— WHAT IS EXPECTED —
Once the line containing "E f \<longleftrightarrow>" is found in the entries below, reproduce it and every line after it, stopping at and including the line containing "(\<forall>u\<in>V. \<forall>v\<in>V. E"; reproduce nothing else, and keep each line exact.

═══ GIVEN ENTRIES

(* For every finite simple graph $G$, $\operatorname{sdim}(G+K_1)>\operatorname{sdim}G$.
   Context: $G+K_1$ is $G$ together with one new vertex adjacent to all vertices of $G$. A unit-distance embedding of a graph $G$ in $\mathbb{R}^n$ is an injective map $f$ from the vertex set of $G$ to $\mathbb{R}^n$ such that $|f(u)-f(v)|=1$ for every edge $uv$ and no point $f(w)$ lies on the segment $[f(u),f(v)]$ for an edge $uv$ with $w\notin\{u,v\}$. $G$ admits a spherical embedding of dimension $k$ and radius $r$ if $G$ has a unit-distance embedding in $\mathbb{R}^k$ all of whose vertices lie on a sphere $\{x\in\mathbb{R}^k:|x-c|=r\}$. The spherical dimension $\operatorname{sdim}G$ is the least $k$ such that $G$ admits a spherical embedding of dimension $k$ and some radius $r<1$; by convention $\operatorname{sdim}$ of the graph with no vertices is $-\infty$ and $\operatorname{sdim}K_1=0$. *)

theory Defs
  imports "HOL-Analysis.Analysis"
begin

definition simple_graph :: "'a set \<Rightarrow> ('a \<Rightarrow> 'a \<Rightarrow> bool) \<Rightarrow> bool" where
  "simple_graph V E \<longleftrightarrow> finite V \<and> (\<forall>u v. E u v \<longrightarrow> u \<in> V \<and> v \<in> V)
     \<and> (\<forall>u v. E u v \<longrightarrow> E v u) \<and> (\<forall>u. \<not> E u u)"

text \<open>G + K1: the new vertex is None, old vertices are Some v.\<close>
definition cone_V :: "'a set \<Rightarrow> 'a option set" where
  "cone_V V = insert None (Some ` V)"

definition cone_E :: "'a set \<Rightarrow> ('a \<Rightarrow> 'a \<Rightarrow> bool) \<Rightarrow> 'a option \<Rightarrow> 'a option \<Rightarrow> bool" where
  "cone_E V E x y = (case (x, y) of
      (Some u, Some v) \<Rightarrow> E u v
    | (None, Some v) \<Rightarrow> v \<in> V
    | (Some u, None) \<Rightarrow> u \<in> V
    | (None, None) \<Rightarrow> False)"

text \<open>Points of R^k are encoded as functions nat \<Rightarrow> real vanishing from index k on.\<close>
definition in_dim :: "nat \<Rightarrow> (nat \<Rightarrow> real) \<Rightarrow> bool" where
  "in_dim k x \<longleftrightarrow> (\<forall>i\<ge>k. x i = 0)"

definition edist :: "nat \<Rightarrow> (nat \<Rightarrow> real) \<Rightarrow> (nat \<Rightarrow> real) \<Rightarrow> real" where
  "edist k x y = sqrt (\<Sum>i<k. (x i - y i)\<^sup>2)"

definition on_segment :: "(nat \<Rightarrow> real) \<Rightarrow> (nat \<Rightarrow> real) \<Rightarrow> (nat \<Rightarrow> real) \<Rightarrow> bool" where
  "on_segment w u v \<longleftrightarrow> (\<exists>t\<in>{0..1::real}. w = (\<lambda>i. (1 - t) * u i + t * v i))"

definition unit_dist_emb ::
  "nat \<Rightarrow> 'a set \<Rightarrow> ('a \<Rightarrow> 'a \<Rightarrow> bool) \<Rightarrow> ('a \<Rightarrow> nat \<Rightarrow> real) \<Rightarrow> bool" where
  "unit_dist_emb k V E f \<longleftrightarrow>
     (\<forall>v\<in>V. in_dim k (f v)) \<and> inj_on f V \<and>
     (\<forall>u\<in>V. \<forall>v\<in>V. E u v \<longrightarrow> edist k (f u) (f v) = 1) \<and>
     (\<forall>u\<in>V. \<forall>v\<in>V. \<forall>w\<in>V. E u v \<and> w \<noteq> u \<and> w \<noteq> v \<longrightarrow> \<not> on_segment (f w) (f u) (f v))"

definition spherical_emb :: "nat \<Rightarrow> real \<Rightarrow> 'a set \<Rightarrow> ('a \<Rightarrow> 'a \<Rightarrow> bool) \<Rightarrow> bool" where
  "spherical_emb k r V E \<longleftrightarrow>
     (\<exists>f c. unit_dist_emb k V E f \<and> in_dim k c \<and> (\<forall>v\<in>V. edist k (f v) c = r))"

definition sdim :: "'a set \<Rightarrow> ('a \<Rightarrow> 'a \<Rightarrow> bool) \<Rightarrow> ereal" where
  "sdim V E = (if V = {} then -\<infinity>
     else ereal (real (LEAST k. \<exists>r<1. spherical_emb k r V E)))"

end

theory Submission imports Defs begin

text \<open>In a spherical embedding of \<open>G + K\<^sub>1\<close> with radius \<open>r < 1\<close>, centre \<open>c\<close> and apex \<open>a\<close>,
  every vertex of \<open>G\<close> lies both on the unit sphere around \<open>a\<close> and on the sphere of radius
  \<open>r\<close> around \<open>c\<close>. Their intersection lies in a hyperplane orthogonal to \<open>c - a\<close>, and is a
  sphere of radius at most \<open>r\<close> inside it. A Householder reflection followed by a translation
  moves this hyperplane onto the first \<open>k - 1\<close> coordinates, giving a spherical embedding of
  \<open>G\<close> in one dimension less with radius still below \<open>1\<close>. The vertices of a regular simplex
  show that the least dimension in the definition of \<open>sdim\<close> is attained.\<close>

definition dot :: "nat \<Rightarrow> (nat \<Rightarrow> real) \<Rightarrow> (nat \<Rightarrow> real) \<Rightarrow> real" where
  "dot k x y = (\<Sum>i<k. x i * y i)"
text \<open>The procedure has an exact closed form.  After \<open>c\<close> steps, pebble \<open>j\<close>
  has Destination \<open>next_dest j c\<close>, the least number above \<open>c\<close> congruent to \<open>2^j\<close>
  modulo \<open>2^(j+1)\<close>, and Position \<open>max N (3N - 3 \<cdot> 2^j - 2c)\<close> where \<open>N\<close> is that
  destination; the pebble is discarded as soon as this destination exceeds \<open>n = 2^k\<close>.
  At an even time \<open>c + 1\<close> the pebble reaching its destination is the one whose label
  \<open>j\<close> makes \<open>2^j\<close> the exact power of two dividing \<open>c + 1\<close>; it is the unique first
  pebble and its backward move reproduces the closed form.  Hence pebble \<open>j < k\<close> is
  discarded at time \<open>2^k - 2^j\<close>, and these times decrease with \<open>j\<close>.\<close>

text \<open>This singles out the unique pebble
  that makes the backward move at a given even time.\<close>
lemma dvd_add_power_iff_multiplicity:
  fixes m :: nat
  assumes "m > 0"
  shows "2 ^ (j + 1) dvd m + 2 ^ j \<longleftrightarrow> j = multiplicity 2 m"
proof -
  have "2 ^ (j + 1) dvd m + 2 ^ j \<longleftrightarrow> 2 ^ j dvd m \<and> \<not> 2 ^ Suc j dvd m"
  proof
    assume d: "2 ^ (j + 1) dvd m + 2 ^ j"
    have "(2::nat) ^ j dvd 2 ^ (j + 1)" by (simp add: le_imp_power_dvd)
    then have "2 ^ j dvd m" using d by (meson dvd_add_left_iff dvd_refl dvd_trans)
    moreover have "\<not> 2 ^ Suc j dvd m"
    proof
      assume "2 ^ Suc j dvd m"
      then have "2 ^ (j + 1) dvd (2::nat) ^ j" using d by (simp add: dvd_add_right_iff)
      then show False by (simp add: power_le_dvd)
    qed
    ultimately show "2 ^ j dvd m \<and> \<not> 2 ^ Suc j dvd m" ..
  next
    assume "2 ^ j dvd m \<and> \<not> 2 ^ Suc j dvd m"
    then obtain t where t: "m = 2 ^ j * t" and "odd t" by (auto elim!: dvdE)
    then obtain u where "t + 1 = 2 * u" by (metis evenE odd_even_add odd_one)
    then have "m + 2 ^ j = 2 ^ (j + 1) * u" using t by (metis add.commute mult.assoc
        mult.commute mult_Suc_right power_Suc Suc_eq_plus1)
    then show "2 ^ (j + 1) dvd m + 2 ^ j" by simp
  qed
  also have "\<dots> \<longleftrightarrow> j = multiplicity 2 m"
    using power_dvd_iff_le_multiplicity[of m 2 j] power_dvd_iff_le_multiplicity[of m 2 "Suc j"] assms
    by auto
  finally show ?thesis .
qed

text \<open>Destination of pebble \<open>j\<close> after \<open>c\<close> steps: the least number above \<open>c\<close> that is
  congruent to \<open>2^j\<close> modulo \<open>2^(j+1)\<close>.  (It may exceed \<open>2^k\<close>; the pebble is then
  discarded.)\<close>
definition next_dest :: "nat \<Rightarrow> nat \<Rightarrow> nat" where
  "next_dest j c = c + 2 ^ (j + 1) - (c + 2 ^ j) mod 2 ^ (j + 1)"

lemma next_dest_gt: "c < next_dest j c"
proof -
  have "(c + 2 ^ j) mod 2 ^ (j + 1) < (2::nat) ^ (j + 1)" by simp
  then show ?thesis unfolding next_dest_def by linarith
qed

lemma next_dest_0: "next_dest j 0 = 2 ^ j"
  by (simp add: next_dest_def)

lemma next_dest_congruent: "2 ^ (j + 1) dvd next_dest j c + 2 ^ j"
proof -
  define M :: nat where "M = 2 ^ (j + 1)"
  define r where "r = (c + 2 ^ j) mod M"
  have "r < M" by (simp add: r_def M_def)
  moreover have "c + 2 ^ j = (c + 2 ^ j) div M * M + r"
    by (simp add: r_def)
  ultimately have "next_dest j c + 2 ^ j = ((c + 2 ^ j) div M + 1) * M"
    unfolding next_dest_def M_def[symmetric] r_def[symmetric] by (simp add: algebra_simps)
  then show ?thesis by (simp add: M_def)
qed

lemma next_dest_even: "1 \<le> j \<Longrightarrow> even (next_dest j c)"
proof -
  assume "1 \<le> j"
  then have "2 dvd (2::nat) ^ j" and "2 dvd (2::nat) ^ (j + 1)" by (simp_all add: dvd_power)
  then show "even (next_dest j c)"
    using next_dest_congruent[of j c] by (meson dvd_add_left_iff dvd_trans)
qed

lemma Suc_eq_next_dest_iff: "Suc c = next_dest j c \<longleftrightarrow> Suc ((c + 2 ^ j) mod 2 ^ (j + 1)) = 2 ^ (j + 1)"
proof -
  have "(c + 2 ^ j) mod 2 ^ (j + 1) < (2::nat) ^ (j + 1)" by simp
  then show ?thesis unfolding next_dest_def by linarith
qed

lemma next_dest_Suc:
  "next_dest j (Suc c) = (if Suc c = next_dest j c then next_dest j c + 2 ^ (j + 1) else next_dest j c)"
  using mod_Suc[of "c + 2 ^ j" "2 ^ (j + 1)"] Suc_eq_next_dest_iff[of c j]
  by (auto simp: next_dest_def)

lemma next_dest_hit_dvd:
  assumes "m > 0"
  shows "m = next_dest j (m - 1) \<longleftrightarrow> 2 ^ (j + 1) dvd m + 2 ^ j"
  using Suc_eq_next_dest_iff[of "m - 1" j] mod_Suc[of "m - 1 + 2 ^ j" "2 ^ (j + 1)"] assms
  by (auto simp: dvd_eq_mod_eq_0)

lemma unique_arrival:
  assumes "even m" "0 < m" "m \<le> 2 ^ k"
  shows "multiplicity 2 m \<in> {1..k}"
    and "m = next_dest j (m - 1) \<longleftrightarrow> j = multiplicity 2 m"
proof -
  have "1 \<le> multiplicity 2 m"
    using assms power_dvd_iff_le_multiplicity[of m 2 1] by simp
  moreover have "2 ^ multiplicity 2 m \<le> m"
    using multiplicity_dvd[of 2 m] assms(2) by (simp add: dvd_imp_le)
  then have "(2::nat) ^ multiplicity 2 m \<le> 2 ^ k" using assms(3) by linarith
  then have "multiplicity 2 m \<le> k" by simp
  ultimately show "multiplicity 2 m \<in> {1..k}" by simp
  show "m = next_dest j (m - 1) \<longleftrightarrow> j = multiplicity 2 m"
    using next_dest_hit_dvd[OF assms(2)] dvd_add_power_iff_multiplicity[OF assms(2)] by simp
qed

══════

— ANSWER TO THE EXERCISE —
  "unit_dist_emb k V E f \<longleftrightarrow>
     (\<forall>v\<in>V. in_dim k (f v)) \<and> inj_on f V \<and>
     (\<forall>u\<in>V. \<forall>v\<in>V. E u v \<longrightarrow> edist k (f u) (f v) = 1) \<and>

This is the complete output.